In an article in the May 26, 2011 issue Rolling Stone titled The People vs. Goldman Sachs, Matt Taibbi says that in a just world, a new Senate report should trigger a massive Justice Department investigation and criminal charges against the people in charge of the big financial companies, especially Goldman Sachs.

The great and powerful Oz of Wall Street was not the only target of Wall Street and the Financial Crisis: Anatomy of a Financial Collapse, the 650-page report just released by the Senate Subcommittee on Investigations, chaired by Democrat Carl Levin of Michigan, alongside Republican Tom Coburn of Oklahoma. Their unusually scathing bipartisan report also includes case studies of Washington Mutual and Deutsche Bank, providing a panoramic portrait of a bubble era that produced the most destructive crime spree in our history — “a million fraud cases a year” is how one former regulator puts it. But the mountain of evidence collected against Goldman by Levin’s small, 15-desk office of investigators — details of gross, baldfaced fraud delivered up in such quantities as to almost serve as a kind of sarcastic challenge to the curiously impassive Justice Department — stands as the most important symbol of Wall Street’s aristocratic impunity and prosecutorial immunity produced since the crash of 2008.
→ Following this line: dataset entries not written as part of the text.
lemma min_ratio_pow_le_len:
  assumes "\<And>i. n \<le> i \<Longrightarrow> i < n + w \<Longrightarrow> \<not> 2 ^ t dvd Suc i"
  shows "min_ratio t ^ w * len n \<le> len (n + w)"
  using assms
proof (induction w)
  case (Suc w)
  have "min_ratio t * (min_ratio t ^ w * len n) \<le> min_ratio t * len (n + w)"
    using Suc min_ratio_pos[of t] by (intro mult_left_mono) auto
  also have "\<dots> \<le> len (Suc (n + w))" using Suc.prems[of "n + w"] by (intro min_ratio_le_len_Suc) auto
  finally show ?case by simp
qed simp

lemma obtain_dvd_order:
  assumes "0 < e"
  obtains t :: nat where "exp (- weight * (real t - 1) / a) \<le> e"
proof -
  obtain t :: nat where t: "1 + a * ln (1 / e) / weight \<le> real t" by (meson real_arch_simple)
  then have "a * ln (1 / e) \<le> weight * (real t - 1)" using weight_pos by (simp add: field_simps)
  then have "- weight * (real t - 1) / a \<le> ln e"
    using a_pos assms by (simp add: ln_div field_simps)
  then have "exp (- weight * (real t - 1) / a) \<le> e" using assms by (metis exp_le_cancel_iff exp_ln)
  then show ?thesis by (rule that)
qed

lemma obtain_gap_level:
  assumes "1 \<le> M" "0 < s" "s \<le> 1" "exp (- weight * (real t - 1) / a) \<le> gap_ratio / M"
  obtains j where "M * len (Suc j) \<le> s" "M * len (Suc j) \<le> gap_ratio * len j"
    "min_ratio t ^ 2 ^ t * (s / M) \<le> len j"
proof -
  obtain n where n: "len (Suc n) \<le> s / M" "s / M \<le> len n"
    using obtain_len_bracket[of "s / M"] assms(1-3) by (auto simp: divide_le_eq)
  obtain j where j: "n \<le> j" "j < n + 2 ^ t" "2 ^ t dvd Suc j"
    "\<And>i. n \<le> i \<Longrightarrow> i < j \<Longrightarrow> \<not> 2 ^ t dvd Suc i"
    using obtain_next_Suc_multiple[of "2 ^ t" n] by auto
  show ?thesis
  proof
    have "len (Suc j) \<le> len (Suc n)" using j(1) by (intro len_antimono) simp
    then have "M * len (Suc j) \<le> M * len (Suc n)" using assms(1) by (intro mult_left_mono) auto
    also have "\<dots> \<le> s" using n(1) assms(1) by (simp add: field_simps)
    finally show "M * len (Suc j) \<le> s" .
    have "len (Suc j) \<le> len j * (gap_ratio / M)"
      using len_Suc_le_if_dvd[OF j(3)] assms(4) len_pos[of j] by (meson mult_left_mono order_trans less_imp_le)
    then show "M * len (Suc j) \<le> gap_ratio * len j" using assms(1) by (simp add: field_simps)
    have "min_ratio t ^ 2 ^ t \<le> min_ratio t ^ (j - n)"
      using j(2) min_ratio_pos[of t] min_ratio_le_1[of t] by (intro power_decreasing) auto
    then have "min_ratio t ^ 2 ^ t * (s / M) \<le> min_ratio t ^ (j - n) * len n"
      using n(2) min_ratio_pos[of t] assms(1,2) by (intro mult_mono) auto
    also have "\<dots> \<le> len j" using min_ratio_pow_le_len[of n "j - n" t] j(1,4) by simp
    finally show "min_ratio t ^ 2 ^ t * (s / M) \<le> len j" .
  qed
qed

definition cantor_cube :: "'b::euclidean_space set" where
  "cantor_cube = {x. \<forall>i\<in>Basis. x \<bullet> i \<in> cantor}"

lemma zero_mem_cantor_cube: "0 \<in> cantor_cube"
  using zero_mem_cantor by (simp add: cantor_cube_def)

lemma compact_cantor_cube: "compact (cantor_cube :: 'b::euclidean_space set)"
proof -
  have "cantor_cube = (\<Inter>i\<in>Basis. (\<lambda>x::'b. x \<bullet> i) -` cantor)"
    by (auto simp: cantor_cube_def)
  moreover have "closed ((\<lambda>x::'b. x \<bullet> i) -` cantor)" for i
    by (intro continuous_closed_vimage closed_cantor continuous_intros)
  ultimately have "closed (cantor_cube :: 'b set)" by auto
  moreover have "norm x \<le> DIM('b)" if "x \<in> cantor_cube" for x :: 'b
    using norm_le_DIM_mult[of x 1] that cantor_subset_unit_interval unfolding cantor_cube_def by force
  then have "bounded (cantor_cube :: 'b set)" unfolding bounded_iff by blast
  ultimately show ?thesis by (simp add: compact_eq_bounded_closed)
qed

lemma cantor_cube_annulus:
  fixes x :: "'b::euclidean_space"
  assumes "x \<in> cantor_cube"
  shows "cantor_cube \<inter> annulus x (DIM('b) * len (Suc j)) (gap_ratio * len j) = {}"
proof -
  have "dist w x \<le> DIM('b) * len (Suc j)" if w: "w \<in> cantor_cube" "dist w x < gap_ratio * len j" for w
  proof -
    have "\<bar>(w - x) \<bullet> i\<bar> \<le> len (Suc j)" if i: "i \<in> Basis" for i
    proof -
      obtain p where p: "p \<in> left_ends (Suc j)" "x \<bullet> i \<in> {p..p + len (Suc j)}"
        using cantor_level assms i unfolding cantor_cube_def by blast
      have "\<bar>x \<bullet> i - w \<bullet> i\<bar> < gap_ratio * len j"
        using Basis_le_norm[OF i, of "x - w"] w(2) by (simp add: dist_norm inner_diff_left norm_minus_commute)
      then have "w \<bullet> i \<in> {p..p + len (Suc j)}"
        using cantor_same_interval[OF p] w(1) i unfolding cantor_cube_def by blast
      then show ?thesis using p(2) by (auto simp: inner_diff_left abs_if)
    qed
    then show ?thesis unfolding dist_norm by (rule norm_le_DIM_mult)
  qed
  then show ?thesis by force
qed

lemma uniformly_annulus_porous_cantor_cube:
  "uniformly_annulus_porous (cantor_cube :: 'b::euclidean_space set)"
  unfolding uniformly_annulus_porous_def
proof (intro allI impI)
  fix L :: real assume "2 \<le> L"
  define M where "M = L * DIM('b)"
  have "L * 1 \<le> L * DIM('b)" using \<open>2 \<le> L\<close> by (intro mult_left_mono) (auto simp: Suc_le_eq)
  then have M: "2 \<le> M" using \<open>2 \<le> L\<close> unfolding M_def by linarith
  obtain t where t: "exp (- weight * (real t - 1) / a) \<le> gap_ratio / M"
    using obtain_dvd_order[of "gap_ratio / M"] gap_ratio_pos M by auto
  define c where "c = gap_ratio * min_ratio t ^ 2 ^ t / M"
  have "gap_ratio * min_ratio t ^ 2 ^ t \<le> 1"
    using gap_ratio_pos gap_ratio_le_1 min_ratio_pos[of t] min_ratio_le_1[of t]
    by (intro mult_le_one power_le_one) auto
  then have c: "0 < c" "c \<le> 1"
    using gap_ratio_pos min_ratio_pos[of t] M by (auto simp: c_def divide_le_eq)
  show "\<exists>c>0. \<forall>x\<in>(cantor_cube :: 'b set). \<forall>s. 0 < s \<and> s \<le> 1 \<longrightarrow>
      (\<exists>R. c * s \<le> R \<and> R \<le> s \<and> cantor_cube \<inter> annulus x (R / L) R = {})"
  proof (rule exI[of _ c], intro conjI c(1) ballI allI impI)
    fix x :: 'b and s :: real assume x: "x \<in> cantor_cube" and "0 < s \<and> s \<le> 1"
    then have s: "0 < s" "s \<le> 1" by auto
    obtain j where j: "M * len (Suc j) \<le> s" "M * len (Suc j) \<le> gap_ratio * len j"
      "min_ratio t ^ 2 ^ t * (s / M) \<le> len j"
      using obtain_gap_level[OF _ s t] M by (metis one_le_numeral order_trans)
    define R where "R = min s (gap_ratio * len j)"
    have "c * s = gap_ratio * (min_ratio t ^ 2 ^ t * (s / M))" by (simp add: c_def algebra_simps)
    also have "\<dots> \<le> gap_ratio * len j" using j(3) gap_ratio_pos by (intro mult_left_mono) auto
    finally have "c * s \<le> gap_ratio * len j" .
    then have "c * s \<le> R" using c s by (simp add: R_def mult_le_cancel_right1)
    moreover have "DIM('b) * len (Suc j) * L \<le> R" using j(1,2) by (simp add: R_def M_def mult_ac)
    then have "DIM('b) * len (Suc j) \<le> R / L" using \<open>2 \<le> L\<close> by (simp add: le_divide_eq)
    then have "annulus x (R / L) R \<subseteq> annulus x (DIM('b) * len (Suc j)) (gap_ratio * len j)"
      by (intro annulus_mono) (auto simp: R_def)
    then have "cantor_cube \<inter> annulus x (R / L) R = {}" using cantor_cube_annulus[OF x] by blast
    ultimately show "\<exists>R. c * s \<le> R \<and> R \<le> s \<and> cantor_cube \<inter> annulus x (R / L) R = {}"
      by (intro exI[of _ R]) (auto simp: R_def)
  qed
qed

definition cube_cell :: "nat \<Rightarrow> ('b::euclidean_space \<Rightarrow> real) \<Rightarrow> 'b set" where
  "cube_cell N p = {z. \<forall>i\<in>Basis. z \<bullet> i \<in> {p i..p i + len N}}"

lemma covnum_le_cantor_cell:
  fixes A :: "'b::euclidean_space set"
  assumes "\<And>i. i \<in> Basis \<Longrightarrow> p i \<in> left_ends N" "A \<subseteq> cantor_cube \<inter> cube_cell N p"
    and "DIM('b) * len (N + m) \<le> r"
  shows "covnum r A \<le> 2 ^ (m * DIM('b))"
proof -
  define Q where "Q = PiE (Basis :: 'b set) (\<lambda>i. descendants (p i) N m)"
  define centre where "centre f = (\<Sum>i\<in>Basis. (f i + len (N + m) / 2) *\<^sub>R i)" for f :: "'b \<Rightarrow> real"
  have "finite Q" by (simp add: Q_def finite_PiE finite_descendants)
  have "card Q = (\<Prod>i\<in>(Basis :: 'b set). card (descendants (p i) N m))"
    by (simp add: Q_def card_PiE)
  also have "\<dots> \<le> (\<Prod>i\<in>(Basis :: 'b set). 2 ^ m)" by (intro prod_mono) (auto simp: card_descendants_le)
  finally have card_Q: "card Q \<le> 2 ^ (m * DIM('b))" by (simp add: power_mult)
  have "A \<subseteq> (\<Union>c\<in>centre ` Q. cball c (r/2))"
  proof
    fix z assume "z \<in> A"
    then have z: "z \<in> cantor_cube" "\<And>i. i \<in> Basis \<Longrightarrow> z \<bullet> i \<in> {p i..p i + len N}"
      using assms(2) by (auto simp: cube_cell_def)
    have "\<exists>q\<in>descendants (p i) N m. z \<bullet> i \<in> {q..q + len (N + m)}" if "i \<in> Basis" for i
      using cantor_descendant[OF _ assms(1) z(2)] z(1) that unfolding cantor_cube_def by blast
    then obtain f where f: "\<And>i. i \<in> Basis \<Longrightarrow> f i \<in> descendants (p i) N m \<and> z \<bullet> i \<in> {f i..f i + len (N + m)}"
      by metis
    have "restrict f Basis \<in> Q" using f by (auto simp: Q_def)
    have "\<bar>(z - centre (restrict f Basis)) \<bullet> i\<bar> \<le> len (N + m) / 2" if "i \<in> Basis" for i
      using f[OF that] that by (auto simp: centre_def inner_diff_left abs_if)
    then have "dist z (centre (restrict f Basis)) \<le> DIM('b) * (len (N + m) / 2)"
      unfolding dist_norm by (rule norm_le_DIM_mult)
    then have "z \<in> cball (centre (restrict f Basis)) (r/2)"
      using assms(3) by (simp add: dist_commute)
    then show "z \<in> (\<Union>c\<in>centre ` Q. cball c (r/2))"
      by (rule UN_I[OF imageI[OF \<open>restrict f Basis \<in> Q\<close>]])
  qed
  then have "covnum r A \<le> card (centre ` Q)"
    using \<open>finite Q\<close> by (intro covnum_le_card_half_radius) auto
  also have "\<dots> \<le> card Q" using \<open>finite Q\<close> by (rule card_image_le)
  finally show ?thesis using card_Q by linarith
qed

lemma cantor_cube_ball_subset_cell:
  fixes x :: "'b::euclidean_space"
  assumes "x \<in> cantor_cube" "N = 0 \<or> R < gap_ratio * len (N - 1)"
  obtains p where "\<And>i. i \<in> Basis \<Longrightarrow> p i \<in> left_ends N"
    "cball x R \<inter> cantor_cube \<subseteq> cube_cell N p"
proof (cases N)
  case 0
  then show ?thesis
    using cantor_subset_unit_interval by (intro that[of "\<lambda>_. 0"]) (auto simp: cantor_cube_def cube_cell_def)
next
  case (Suc k)
  have "\<exists>q\<in>left_ends (Suc k). x \<bullet> i \<in> {q..q + len (Suc k)}" if "i \<in> Basis" for i
    using cantor_level assms(1) that unfolding cantor_cube_def by blast
  then obtain p where p: "\<And>i. i \<in> Basis \<Longrightarrow> p i \<in> left_ends (Suc k) \<and> x \<bullet> i \<in> {p i..p i + len (Suc k)}"
    by metis
  have "z \<bullet> i \<in> {p i..p i + len (Suc k)}"
    if "z \<in> cball x R \<inter> cantor_cube" "i \<in> Basis" for z i
  proof (rule cantor_same_interval)
    show "\<bar>x \<bullet> i - z \<bullet> i\<bar> < gap_ratio * len k"
      using Basis_le_norm[OF \<open>i \<in> Basis\<close>, of "x - z"] that(1) assms(2) Suc
      by (simp add: dist_norm inner_diff_left)
  qed (use p that in \<open>auto simp: cantor_cube_def\<close>)
  then show ?thesis using p Suc by (intro that[of p]) (auto simp: cube_cell_def)
qed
But Goldman, as the Levin report makes clear, remains an ascendant company precisely because it used its canny perception of an upcoming disaster (one which it helped create, incidentally) as an opportunity to enrich itself, not only at the expense of clients but ultimately, through the bailouts and the collateral damage of the wrecked economy, at the expense of society. The bank seemed to count on the unwillingness or inability of federal regulators to stop them — and when called to Washington last year to explain their behavior, Goldman executives brazenly misled Congress, apparently confident that their perjury would carry no serious consequences.

Taibbi is, as always, able to make reporting about dry financial matters come alive and it is interesting to see how he does that. I think he succeeds because he couples knowledge of arcane details with not holding back when it comes to conjuring up vivid imagery and metaphors (and even profanity when warranted) to describe what is going on.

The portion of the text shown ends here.